**How to complete this task**. Go over the entries below line by line, copying each one that contains the word "fixes".
=== Data ===
(* Let $d\ge2$. For any $\theta_A,\theta_B\in L^2(\mathbb R^{d-1};\mathbb R)$ and any $\zeta\in C(\mathbb R;\mathbb R^n)$ with $\zeta'\in L^2(\mathbb R;\mathbb R^n)$, $$\|T_{\theta_A}\zeta-T_{\theta_B}\zeta\|_{L^2(\mathbb R^d;\mathbb R^n)}\le\|\theta_A-\theta_B\|_{L^2(\mathbb R^{d-1};\mathbb R)}\|\zeta'\|_{L^2(\mathbb R;\mathbb R^n)}.$$
   Context: Points of $\mathbb R^d$ are $(x,y)$ with $x\in\mathbb R$, $y\in\mathbb R^{d-1}$; for $\theta:\mathbb R^{d-1}\to\mathbb R$, $(T_\theta\zeta)(x,y)=\zeta(x-\theta(y))$. *)

theory Defs
  imports "HOL-Analysis.Analysis"
begin

text \<open>Points of R^d are pairs (x,y) with x real and y in R^(d-1), modelled by a
  euclidean space 'm.  (T_theta zeta)(x,y) = zeta(x - theta y).\<close>
definition shiftT :: "('m \<Rightarrow> real) \<Rightarrow> (real \<Rightarrow> 'n) \<Rightarrow> real \<times> 'm \<Rightarrow> 'n" where
  "shiftT \<theta> \<zeta> = (\<lambda>(x, y). \<zeta> (x - \<theta> y))"

end

theory Submission
  imports Defs
begin

text \<open>For fixed \<open>y\<close>, the difference \<open>\<zeta>(x - \<theta>\<^sub>A y) - \<zeta>(x - \<theta>\<^sub>B y)\<close> is the integral
  of \<open>\<zeta>'\<close> over an interval of length \<open>|\<theta>\<^sub>A y - \<theta>\<^sub>B y|\<close>, so by Cauchy-Schwarz its square is
  at most that length times the integral of \<open>|\<zeta>'|\<^sup>2\<close> over the interval. Integrating in \<open>x\<close>
  and exchanging the order of integration, each point is covered by these intervals
  for a set of \<open>x\<close> of measure \<open>|\<theta>\<^sub>A y - \<theta>\<^sub>B y|\<close>, which gives the bound
  \<open>(\<theta>\<^sub>A y - \<theta>\<^sub>B y)\<^sup>2 \<parallel>\<zeta>'\<parallel>\<^sup>2\<close>; integrating in \<open>y\<close> proves the estimate. Lebesgue-measurable data
  are first replaced by almost-everywhere equal Borel functions, so that the integrand is
  measurable on the product and Tonelli's theorem applies.\<close>

lemma completion_ex_borel_measurable_euclidean:
  fixes g :: "'a \<Rightarrow> 'b::euclidean_space"
  assumes "g \<in> borel_measurable (completion M)"
  shows "\<exists>g'\<in>borel_measurable M. AE x in M. g x = g' x"
proof -
  have "\<exists>h\<in>borel_measurable M. AE x in M. g x \<bullet> b = h x" for b
    using assms by (intro completion_ex_borel_measurable_real) (simp add: borel_measurable_inner)
  then obtain h where h: "\<And>b. h b \<in> borel_measurable M" "\<And>b. AE x in M. g x \<bullet> b = h b x"
    by metis
  have "AE x in M. \<forall>b\<in>Basis. g x \<bullet> b = h b x"
    by (rule AE_finite_allI) (auto intro: h(2))
  then have "AE x in M. g x = (\<Sum>b\<in>Basis. h b x *\<^sub>R b)"
  proof (rule AE_mp, intro AE_I2 impI)
    fix x
    assume coords: "\<forall>b\<in>Basis. g x \<bullet> b = h b x"
    have "g x = (\<Sum>b\<in>Basis. (g x \<bullet> b) *\<^sub>R b)"
      by (simp add: euclidean_representation)
    also have "\<dots> = (\<Sum>b\<in>Basis. h b x *\<^sub>R b)"
      using coords by (intro sum.cong refl) simp
    finally show "g x = (\<Sum>b\<in>Basis. h b x *\<^sub>R b)" .
  qed
  moreover have "(\<lambda>x. \<Sum>b\<in>Basis. h b x *\<^sub>R b) \<in> borel_measurable M"
    using h(1) by (intro borel_measurable_sum borel_measurable_scaleR) auto
  ultimately show ?thesis by (rule bexI)
qed

lemma integrable_power2_diff:
  fixes f g :: "'a \<Rightarrow> real"
  assumes [measurable]: "f \<in> borel_measurable M" and "integrable M (\<lambda>x. (f x)\<^sup>2)"
    and [measurable]: "g \<in> borel_measurable M" and "integrable M (\<lambda>x. (g x)\<^sup>2)"
  shows "integrable M (\<lambda>x. (f x - g x)\<^sup>2)"
proof (rule Bochner_Integration.integrable_bound)
  show "integrable M (\<lambda>x. 2 * (f x)\<^sup>2 + 2 * (g x)\<^sup>2)"
    using assms(2,4) by simp
  have "(f x - g x)\<^sup>2 \<le> 2 * (f x)\<^sup>2 + 2 * (g x)\<^sup>2" for x
    using zero_le_power2[of "f x + g x"] by (simp add: power2_eq_square algebra_simps)
  then show "AE x in M. norm ((f x - g x)\<^sup>2) \<le> norm (2 * (f x)\<^sup>2 + 2 * (g x)\<^sup>2)"
    by simp
qed measurable

lemma nn_integral_le_imp_integrable_integral_le:
  fixes f :: "'a \<Rightarrow> real"
  assumes "f \<in> borel_measurable M" "\<And>x. 0 \<le> f x"
    and le: "(\<integral>\<^sup>+x. ennreal (f x) \<partial>M) \<le> ennreal c" and "0 \<le> c"
  shows "integrable M f \<and> integral\<^sup>L M f \<le> c"
proof
  show int: "integrable M f"
    using assms(1,2) le by (intro integrableI_bounded) (auto simp: top.not_eq_extremum intro: le_less_trans)
  have "ennreal (integral\<^sup>L M f) = (\<integral>\<^sup>+x. ennreal (f x) \<partial>M)"
    using int assms(2) by (simp add: nn_integral_eq_integral)
  with le have "ennreal (integral\<^sup>L M f) \<le> ennreal c"
    by simp
  with \<open>0 \<le> c\<close> show "integral\<^sup>L M f \<le> c"
    by (simp add: ennreal_le_iff)
qed

lemma set_nn_integral_Cauchy_Schwarz:
  assumes [measurable]: "f \<in> borel_measurable M" "A \<in> sets M"
  shows "(\<integral>\<^sup>+x\<in>A. f x \<partial>M)\<^sup>2 \<le> emeasure M A * (\<integral>\<^sup>+x\<in>A. (f x)\<^sup>2 \<partial>M)"
proof -
  have "(\<integral>\<^sup>+x\<in>A. f x \<partial>M)\<^sup>2 = (\<integral>\<^sup>+x. (f x * indicator A x) * indicator A x \<partial>M)\<^sup>2"
    by (simp add: mult.assoc flip: indicator_inter_arith)
  also have "\<dots> \<le> (\<integral>\<^sup>+x. (f x * indicator A x)\<^sup>2 \<partial>M) * (\<integral>\<^sup>+x. (indicator A x)\<^sup>2 \<partial>M)"
    by (rule Cauchy_Schwarz_nn_integral) auto
  also have "(\<integral>\<^sup>+x. (f x * indicator A x)\<^sup>2 \<partial>M) = (\<integral>\<^sup>+x\<in>A. (f x)\<^sup>2 \<partial>M)"
    by (intro nn_integral_cong) (simp add: indicator_def)
  also have "(\<integral>\<^sup>+x. (indicator A x)\<^sup>2 \<partial>M) = emeasure M A"
  proof -
    have "(\<lambda>x. (indicator A x :: ennreal)\<^sup>2) = indicator A"
      by (auto simp: fun_eq_iff indicator_def)
    then show ?thesis by simp
  qed
  finally show ?thesis by (simp add: mult.commute)
qed

lemma norm_diff_sq_le_interval_nn_integral:
  fixes g \<zeta> :: "real \<Rightarrow> 'n::euclidean_space"
  assumes [measurable]: "g \<in> borel_measurable lborel" and "u \<le> v"
    and "(g has_integral (\<zeta> v - \<zeta> u)) {u..v}"
  shows "ennreal ((norm (\<zeta> v - \<zeta> u))\<^sup>2)
    \<le> ennreal (v - u) * (\<integral>\<^sup>+t\<in>{u..v}. ennreal ((norm (g t))\<^sup>2) \<partial>lborel)"
proof -
  have CS: "(\<integral>\<^sup>+t\<in>{u..v}. ennreal (norm (g t)) \<partial>lborel)\<^sup>2
      \<le> ennreal (v - u) * (\<integral>\<^sup>+t\<in>{u..v}. ennreal ((norm (g t))\<^sup>2) \<partial>lborel)"
    using set_nn_integral_Cauchy_Schwarz[of "\<lambda>t. ennreal (norm (g t))" lborel "{u..v}"] \<open>u \<le> v\<close>
    by (simp add: ennreal_power)
  show ?thesis
  proof (cases "(\<integral>\<^sup>+t\<in>{u..v}. ennreal (norm (g t)) \<partial>lborel) = \<infinity>")
    case True
    with CS show ?thesis by (simp add: top_unique)
  next
    case False
    have norm_ind: "ennreal (norm (indicator {u..v} t *\<^sub>R g t)) = ennreal (norm (g t)) * indicator {u..v} t" for t
      by (simp add: indicator_def)
    have int: "integrable lborel (\<lambda>t. indicator {u..v} t *\<^sub>R g t)"
    proof (rule integrableI_bounded)
      show "(\<integral>\<^sup>+t. ennreal (norm (indicator {u..v} t *\<^sub>R g t)) \<partial>lborel) < \<infinity>"
        using False by (simp only: norm_ind) (simp add: top.not_eq_extremum)
    qed simp
    then have "(LINT t:{u..v}|lborel. g t) = \<zeta> v - \<zeta> u"
      using assms(3) by (simp add: set_integrable_def set_borel_integral_eq_integral(2) integral_unique)
    then have "ennreal (norm (\<zeta> v - \<zeta> u)) = ennreal (norm (LINT t|lborel. indicator {u..v} t *\<^sub>R g t))"
      by (simp add: set_lebesgue_integral_def)
    also have "\<dots> \<le> (\<integral>\<^sup>+t. ennreal (norm (indicator {u..v} t *\<^sub>R g t)) \<partial>lborel)"
      by (rule integral_norm_bound_ennreal[OF int])
    finally have "norm (\<zeta> v - \<zeta> u) \<le> (\<integral>\<^sup>+t\<in>{u..v}. ennreal (norm (g t)) \<partial>lborel)"
      by (simp only: norm_ind)
    then have "ennreal ((norm (\<zeta> v - \<zeta> u))\<^sup>2) \<le> (\<integral>\<^sup>+t\<in>{u..v}. ennreal (norm (g t)) \<partial>lborel)\<^sup>2"
      by (simp add: ennreal_power[symmetric] power_mono)
    then show ?thesis using CS by (rule order_trans)
  qed
qed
===
**Exercise solution**.
  fixes g :: "'a \<Rightarrow> 'b::euclidean_space"
  fixes f g :: "'a \<Rightarrow> real"
  fixes f :: "'a \<Rightarrow> real"
  fixes g \<zeta> :: "real \<Rightarrow> 'n::euclidean_space"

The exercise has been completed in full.